Omicron Ophiuchi

Observation data Epoch J2000 Equinox ICRS
- Constellation: Ophiuchus
- Right ascension: 17^{h} 18^{m} 00.68112^{s}
- Declination: −24° 17′ 12.8535″
- Apparent magnitude (V): 5.14
- Right ascension: 17^{h} 18^{m} 00.60620^{s}
- Declination: −24° 17′ 02.8150″
- Apparent magnitude (V): 6.59

Characteristics

A
- Spectral type: G8III
- U−B color index: 0.98
- B−V color index: 1.046±0.005

B
- Spectral type: F6IV-V
- U−B color index: 0.05
- B−V color index: 0.510±0.015

Astrometry

A
- Radial velocity (R_{v}): −28.97±0.13 km/s
- Proper motion (μ): RA: −57.544 mas/yr Dec.: −7.725 mas/yr
- Parallax (π): 11.5763±0.1756 mas
- Distance: 282 ± 4 ly (86 ± 1 pc)
- Absolute magnitude (M_{V}): 0.38

B
- Radial velocity (R_{v}): −29.70 km/s
- Proper motion (μ): RA: −56.561 mas/yr Dec.: −12.457 mas/yr
- Parallax (π): 11.6213±0.0603 mas
- Distance: 281 ± 1 ly (86.0 ± 0.4 pc)
- Absolute magnitude (M_{V}): 1.66

Details

A
- Radius: 12.30+0.20 −0.32 R_{☉}
- Luminosity: 75.3±1.3 L_{☉}
- Surface gravity (log g): 2.69 cgs
- Temperature: 4,849+63 −40 K
- Metallicity [Fe/H]: 0.33 dex

B
- Radius: 2.99+0.10 −0.12 R_{☉}
- Luminosity: 12.629±0.086 L_{☉}
- Temperature: 6,296+130 −105 K
- Metallicity [Fe/H]: 0.23±0.08 dex
- Other designations: ο Oph, 39 Ophiuchi, CD−24°13255, CCDM J17180-2417, WDS J17180-2417

Database references
- SIMBAD: AB

= Omicron Ophiuchi =

Double star in the constellation Ophiuchus

ο Ophiuchi, Latinized as Omicron Ophiuchi, is a wide double star in the equatorial constellation of Ophiuchus. The co-moving pair are visible to the naked eye as a dim point of light, with the two components having apparent visual magnitudes of 5.14 and 6.59. As of 2015, they had an angular separation of 10.0 arcsecond along a position angle of 354°. The distance to both stars is approximately 281 light-years based on parallax, and they are drifting closer to the Sun with a radial velocity of around −29 km/s.

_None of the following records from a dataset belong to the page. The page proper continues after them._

text \<open>
  Expanding \<open>(b - a t^(d+1))^i\<close> binomially turns the integral into a combination of the moments
  \<open>\<integral> t^m |t|^(2 \<mu>1) (1 - t^2)^v / (1 - t) dt\<close> over \<open>[-1, 1]\<close>, \<open>v = \<mu>2 - \<mu>1\<close>.
  Since \<open>(1 - t^2)^v / (1 - t) = (1 + t) (1 - t^2)^(v-1)\<close>, only the even one of \<open>t^m, t^(m+1)\<close>
  survives by symmetry, and the substitution \<open>s = t^2\<close> evaluates the moment as
  \<open>\<beta>(\<mu>1 + 1/2 + \<lceil>m/2\<rceil>, v)\<close>. By \<open>\<Gamma>(x + r) = (x)\<^sub>r \<Gamma>(x)\<close> this is
  \<open>\<beta>(\<mu>1 + 1/2, v) \<gamma>\<^sub>\<mu>\<^sub>1(m) / \<gamma>\<^sub>\<mu>\<^sub>2(m)\<close>, the ratio appearing in the connection coefficient.
\<close>

lemma has_integral_substitution_square:
  fixes f :: "real \<Rightarrow> real"
  assumes f_integrable: "set_integrable lborel {0..1} f" and f_integral: "(f has_integral I) {0..1}"
  shows "((\<lambda>x. f (x\<^sup>2) * (2 * x)) has_integral I) {0..1}"
proof -
  have deriv: "\<And>x::real. ((\<lambda>x. x\<^sup>2) has_real_derivative 2 * x) (at x)"
    by (auto intro!: derivative_eq_intros)
  have cont: "continuous_on {0..1::real} (\<lambda>x. 2 * x)"
    by (intro continuous_intros)
  have subst: "set_integrable lborel {0..1} (\<lambda>x. f (x\<^sup>2) * (2 * x))"
    "(LBINT x. f x * indicator {0..1} x) = (LBINT x. f (x\<^sup>2) * (2 * x) * indicator {0..1} x)"
    using integral_substitution[of "\<lambda>x::real. x\<^sup>2" 0 1 f "\<lambda>x. 2 * x", OF _ deriv cont]
      f_integrable by simp_all
  have f_HK: "(LINT x : {0..1} | lborel. f x) = integral {0..1} f"
    using set_borel_integral_eq_integral[OF f_integrable] by auto
  have g_HK: "(\<lambda>x. f (x\<^sup>2) * (2 * x)) integrable_on {0..1}"
    "(LINT x : {0..1} | lborel. f (x\<^sup>2) * (2 * x)) = integral {0..1} (\<lambda>x. f (x\<^sup>2) * (2 * x))"
    using set_borel_integral_eq_integral[OF subst(1)] by auto
  have "integral {0..1} (\<lambda>x. f (x\<^sup>2) * (2 * x)) = integral {0..1} f"
    using subst(2) f_HK g_HK(2) by (simp add: set_lebesgue_integral_def mult.commute)
  also have "\<dots> = I"
    using f_integral by (rule integral_unique)
  finally show ?thesis
    using g_HK(1) by (metis has_integral_integral)
qed

lemma has_integral_Beta_square:
  fixes e v :: real
  assumes e: "e > -1" and v: "v > 0"
  shows "((\<lambda>t. t powr e * (1 - t\<^sup>2) powr (v - 1)) has_integral Beta ((e + 1) / 2) v / 2) {0..1}"
proof -
  define \<alpha> where "\<alpha> = (e + 1) / 2"
  have \<alpha>: "\<alpha> > 0" using e by (simp add: \<alpha>_def)
  define f where "f = (\<lambda>s::real. s powr (\<alpha> - 1) * (1 - s) powr (v - 1))"
  have integrand: "f (x\<^sup>2) * (2 * x) = 2 * (x powr e * (1 - x\<^sup>2) powr (v - 1))"
    if "x \<in> {0..1}" for x
  proof (cases "x = 0")
    case True
    then show ?thesis by (simp add: f_def)
  next
    case False
    with that have x: "x > 0" by auto
    have "(x\<^sup>2) powr (\<alpha> - 1) * x = x powr (2 * (\<alpha> - 1)) * x powr 1"
      using x by (simp add: powr_powr flip: powr_numeral)
    also have "\<dots> = x powr (2 * (\<alpha> - 1) + 1)"
      by (simp only: powr_add)
    also have "2 * (\<alpha> - 1) + 1 = e"
      by (simp add: \<alpha>_def field_simps)
    finally show ?thesis by (simp add: f_def algebra_simps)
  qed
  have "((\<lambda>x. f (x\<^sup>2) * (2 * x)) has_integral Beta \<alpha> v) {0..1}"
    unfolding f_def
    by (intro has_integral_substitution_square integrable_Beta has_integral_Beta_real \<alpha> v)
  then have "((\<lambda>x. 2 * (x powr e * (1 - x\<^sup>2) powr (v - 1))) has_integral Beta \<alpha> v) {0..1}"
    using has_integral_cong[of "{0..1}" "\<lambda>x. f (x\<^sup>2) * (2 * x)", OF integrand] by simp
  from has_integral_mult_right[OF this, of "1/2"] show ?thesis
    by (simp add: \<alpha>_def)
qed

The brighter member of the pair, designated component A, is an aging giant star with a stellar classification of G8III. With the supply of hydrogen at its core exhausted, it has expanded to 12 times the radius of the Sun. The star is radiating 75 times the Sun's luminosity from its enlarged photosphere at an effective temperature of 4,849 K. The secondary star, component B, has a class of F6IV-V, matching an F-type star with a luminosity class that is a blend of traits from a main-sequence and a subgiant star. It has three times the Sun's radius and is radiating 12.6 times the Sun's luminosity at 6,296 K.